Work required: Give the data again exactly, from its opening line through the line in which "using euler_coeff_Suc[OF q, of" appears.
Listed entries START
lemma summable_euler_coeff_nonneg:
  assumes q: "0 < q" "q < 1" and r: "0 \<le> r"
  shows "summable (\<lambda>i. euler_coeff q i * r ^ i)"
proof -
  have "(\<lambda>n. r * q ^ n / (1 - q)) \<longlonglongrightarrow> r * 0 / (1 - q)"
    using q by (intro tendsto_intros LIMSEQ_power_zero) auto
  then have "eventually (\<lambda>n. r * q ^ n / (1 - q) < 1/2) sequentially"
    by (intro order_tendstoD) auto
  then obtain N where N: "\<And>n. n \<ge> N \<Longrightarrow> r * q ^ n / (1 - q) < 1/2"
    unfolding eventually_sequentially by blast
  show ?thesis
  proof (rule summable_ratio_test[of "1/2" N])
    fix n assume "N \<le> n"
    define a where "a = euler_coeff q n * r ^ n"
    have a: "0 \<le> a"
      unfolding a_def using euler_coeff_nonneg[OF q] r by simp
    have "1 - q \<le> 1 - q ^ Suc n"
      using q by (simp add: power_le_one mult_left_le)
    moreover have "0 < 1 - q ^ Suc n"
      using one_minus_power_Suc_pos[OF q] .
    ultimately have "euler_coeff q (Suc n) = euler_coeff q n * q ^ n / (1 - q ^ Suc n)"
      using euler_coeff_Suc[OF q, of n] by (simp add: field_simps)
    then have "euler_coeff q (Suc n) * r ^ Suc n = a * (r * q ^ n / (1 - q ^ Suc n))"
      by (simp add: a_def)
    also have "\<dots> \<le> a * (r * q ^ n / (1 - q))"
      using a r q \<open>1 - q \<le> 1 - q ^ Suc n\<close> \<open>0 < 1 - q ^ Suc n\<close>
      by (intro mult_left_mono divide_left_mono mult_pos_pos) auto
    also have "\<dots> \<le> a * (1/2)"
      using N[OF \<open>N \<le> n\<close>] a by (intro mult_left_mono) auto
    finally show "norm (euler_coeff q (Suc n) * r ^ Suc n) \<le> 1/2 * norm a"
      using euler_coeff_nonneg[OF q] r a by (simp add: abs_mult)
  qed auto
qed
Listed entries END
Response:
lemma summable_euler_coeff_nonneg:
  assumes q: "0 < q" "q < 1" and r: "0 \<le> r"
  shows "summable (\<lambda>i. euler_coeff q i * r ^ i)"
proof -
  have "(\<lambda>n. r * q ^ n / (1 - q)) \<longlonglongrightarrow> r * 0 / (1 - q)"
    using q by (intro tendsto_intros LIMSEQ_power_zero) auto
  then have "eventually (\<lambda>n. r * q ^ n / (1 - q) < 1/2) sequentially"
    by (intro order_tendstoD) auto
  then obtain N where N: "\<And>n. n \<ge> N \<Longrightarrow> r * q ^ n / (1 - q) < 1/2"
    unfolding eventually_sequentially by blast
  show ?thesis
  proof (rule summable_ratio_test[of "1/2" N])
    fix n assume "N \<le> n"
    define a where "a = euler_coeff q n * r ^ n"
    have a: "0 \<le> a"
      unfolding a_def using euler_coeff_nonneg[OF q] r by simp
    have "1 - q \<le> 1 - q ^ Suc n"
      using q by (simp add: power_le_one mult_left_le)
    moreover have "0 < 1 - q ^ Suc n"
      using one_minus_power_Suc_pos[OF q] .
    ultimately have "euler_coeff q (Suc n) = euler_coeff q n * q ^ n / (1 - q ^ Suc n)"
      using euler_coeff_Suc[OF q, of n] by (simp add: field_simps)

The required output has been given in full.